In many cases poor minority people are moving into uppity neighborhoods where they are resented because of cultural components. In the African American community there are two separate cultures often at odds with each other. Mix in the rival gang problem and you have a total nightmare.

Those people at the top who think they can move people around like pawns in a sick chess game are responsible for the deaths and mayhem they have created in Chicago.

Just imagine being poor, living in the projects with little parental guidance and many times no parents (due to incarceration and early deaths) and having the only stability you have ripped from under you every few years.

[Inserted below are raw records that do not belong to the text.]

lemma inner_m_eq: "inner_m m w v = (\<Sum>\<^sub>\<infinity>x. complex_of_real (m x) * cnj (w x) * v x)"
  unfolding inner_m_def by (simp add: algebra_simps)

lemma Qform_eq: "Qform b c u v = 1/2 * (\<Sum>\<^sub>\<infinity>e. complex_of_real (edge_weight e) * cnj (grad u e) * grad v e)
    + (\<Sum>\<^sub>\<infinity>x. complex_of_real (c x) * cnj (u x) * v x)"
proof -
  have "(\<lambda>(x,y). complex_of_real (b x y) * cnj (u x - u y) * (v x - v y))
      = (\<lambda>e. complex_of_real (edge_weight e) * cnj (grad u e) * grad v e)"
    by (auto simp: fun_eq_iff edge_weight_def grad_def)
  then show ?thesis by (simp add: Qform_def)
qed

lemma Qform_Cc_eq_inner_Lt:
  assumes u: "u \<in> Dt b c" and \<phi>: "\<phi> \<in> Cc"
  shows "Qform b c u \<phi> = inner_m m (Lt b c m u) \<phi>"
proof -
  have F: "finite {x. \<phi> x \<noteq> 0}" using \<phi> by (simp add: Cc_def)
  have "complex_of_real (m x) * cnj (Lt b c m u x) = cnj (div_grad u x) + complex_of_real (c x) * cnj (u x)" for x
  proof -
    have "m x \<noteq> 0" using m_pos by (metis less_irrefl)
    then show ?thesis by (simp add: Lt_def div_grad_def of_real_divide field_simps flip: infsum_cnj)
  qed
  then have "inner_m m (Lt b c m u) \<phi>
      = (\<Sum>\<^sub>\<infinity>x. cnj (div_grad u x) * \<phi> x + complex_of_real (c x) * cnj (u x) * \<phi> x)"
    unfolding inner_m_eq by (simp add: algebra_simps)
  also have "\<dots> = (\<Sum>\<^sub>\<infinity>x. cnj (div_grad u x) * \<phi> x) + (\<Sum>\<^sub>\<infinity>x. complex_of_real (c x) * cnj (u x) * \<phi> x)"
    by (intro infsum_add finite_nonzero_values_imp_summable_on finite_subset[OF _ F]) auto
  also have "\<dots> = Qform b c u \<phi>"
    unfolding Qform_eq energy_pairing_Cc[OF u \<phi>] by simp
  finally show ?thesis by simp
qed

lemma Qform_norm_le:
  assumes u: "u \<in> Dt b c" and h: "h \<in> Dt b c"
  shows "cmod (Qform b c u h) \<le> 2 * sqrt (Qt b c u) * sqrt (Qt b c h)"
proof -
  define P where "P = (\<Sum>\<^sub>\<infinity>e. complex_of_real (edge_weight e) * cnj (grad u e) * grad h e)"
  define C where "C = (\<Sum>\<^sub>\<infinity>x. complex_of_real (c x) * cnj (u x) * h x)"
  have su: "wsq edge_weight (grad u) summable_on UNIV" "wsq c u summable_on UNIV"
    and sh: "wsq edge_weight (grad h) summable_on UNIV" "wsq c h summable_on UNIV"
    using u h by (auto simp: mem_Dt_iff)
  have sqrt_mono: "sqrt A * sqrt B \<le> sqrt A' * sqrt B'" if "0 \<le> A" "0 \<le> B" "A \<le> A'" "B \<le> B'"
    for A B A' B' :: real
    using that by (intro mult_mono real_sqrt_le_mono) auto
  have "cmod P \<le> sqrt (infsum (wsq edge_weight (grad u)) UNIV) * sqrt (infsum (wsq edge_weight (grad h)) UNIV)"
    unfolding P_def by (rule norm_infsum_wsq_inner_le[OF edge_weight_nonneg su(1) sh(1)])
  also have "\<dots> \<le> sqrt (2 * Qt b c u) * sqrt (2 * Qt b c h)"
    by (intro sqrt_mono infsum_energy_le_Qt infsum_nonneg wsq_nonneg edge_weight_nonneg)
  also have "\<dots> = 2 * (sqrt (Qt b c u) * sqrt (Qt b c h))" by (simp add: real_sqrt_mult)
  finally have P: "cmod P \<le> 2 * (sqrt (Qt b c u) * sqrt (Qt b c h))" .
  have "cmod C \<le> sqrt (infsum (wsq c u) UNIV) * sqrt (infsum (wsq c h) UNIV)"
    unfolding C_def by (rule norm_infsum_wsq_inner_le[OF c_nonneg su(2) sh(2)])
  also have "\<dots> \<le> sqrt (Qt b c u) * sqrt (Qt b c h)"
    by (intro sqrt_mono infsum_killing_le_Qt infsum_nonneg wsq_nonneg c_nonneg)
  finally have C: "cmod C \<le> sqrt (Qt b c u) * sqrt (Qt b c h)" .
  have "cmod (Qform b c u h) \<le> cmod P / 2 + cmod C"
    unfolding Qform_eq P_def[symmetric] C_def[symmetric]
    using norm_triangle_ineq[of "1/2 * P" C] by (simp add: norm_mult)
  then show ?thesis using P C by linarith
qed

lemma Qform_diff:
  assumes "u \<in> Dt b c" "v \<in> Dt b c" "\<phi> \<in> Dt b c"
  shows "Qform b c u (\<lambda>x. v x - \<phi> x) = Qform b c u v - Qform b c u \<phi>"
proof -
  have "grad (\<lambda>x. v x - \<phi> x) = (\<lambda>e. grad v e - grad \<phi> e)" by (auto simp: grad_def fun_eq_iff)
  then show ?thesis
    using assms unfolding Qform_eq mem_Dt_iff
    by (simp only: infsum_wsq_inner_diff[OF edge_weight_nonneg] infsum_wsq_inner_diff[OF c_nonneg])
      (simp add: algebra_simps)
qed

lemma inner_m_norm_le:
  "w \<in> ell2 m \<Longrightarrow> h \<in> ell2 m \<Longrightarrow> cmod (inner_m m w h) \<le> sqrt (l2norm_sq m w) * sqrt (l2norm_sq m h)"
  unfolding inner_m_eq l2norm_sq_eq mem_ell2_iff by (rule norm_infsum_wsq_inner_le[OF m_nonneg])

lemma inner_m_diff:
  "w \<in> ell2 m \<Longrightarrow> v \<in> ell2 m \<Longrightarrow> \<phi> \<in> ell2 m \<Longrightarrow>
    inner_m m w (\<lambda>x. v x - \<phi> x) = inner_m m w v - inner_m m w \<phi>"
  unfolding inner_m_eq mem_ell2_iff by (rule infsum_wsq_inner_diff[OF m_nonneg])

lemma inner_m_indicator: "inner_m m w (indicator {z}) = complex_of_real (m z) * cnj (w z)"
proof -
  have "((\<lambda>x. complex_of_real (m x) * cnj (w x) * indicator {z} x) has_sum
      complex_of_real (m z) * cnj (w z)) UNIV"
    by (rule has_sum_finite_neutralI[where B = "{z}"]) auto
  then show ?thesis by (simp add: inner_m_eq infsumI)
qed

lemma Cc_DQD: "\<phi> \<in> Cc \<Longrightarrow> \<phi> \<in> DQD b c m"
  using Cc_Dt Cc_vanishes_at_infinity DQD_eq_vanishing by blast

The architect of REN 2010 must have been an insensitive monster.

November 28, 2009 at 12:31 AM

By: George N. Schmidt

Insensitive monsters have names: Daley, Duncan, Huberman, Scott, Williams

"The architect of REN 2010 must have been an insensitive monster..." (Zeta, above).

True. Let's name them, though, so they do not remain anonymous. The primary architects and implementers of Renaissance 2010 (which is soon to become Renaissance 2015) have names:

Richard M. Daley

Arne Duncan.

Michael Scott.

Ron Huberman.

Rufus Williams.

Followed by the staff in the Office of New Schools (every last one of them) and the six surviving members of the Chicago Board of Education: Norman Bobins; Tariq Butt; Alberto Carrero; Peggy Davis; Clara Muñana; and Roxanne Ward.

Every one of those people is a crazed cult type: Ayn Rand fundamentalism. They have spent more time juicing and moaning over their well worn copies of "Atlas Shrugged" than over anything to do with real democratic public schools. Name their crimes, but also name each of them.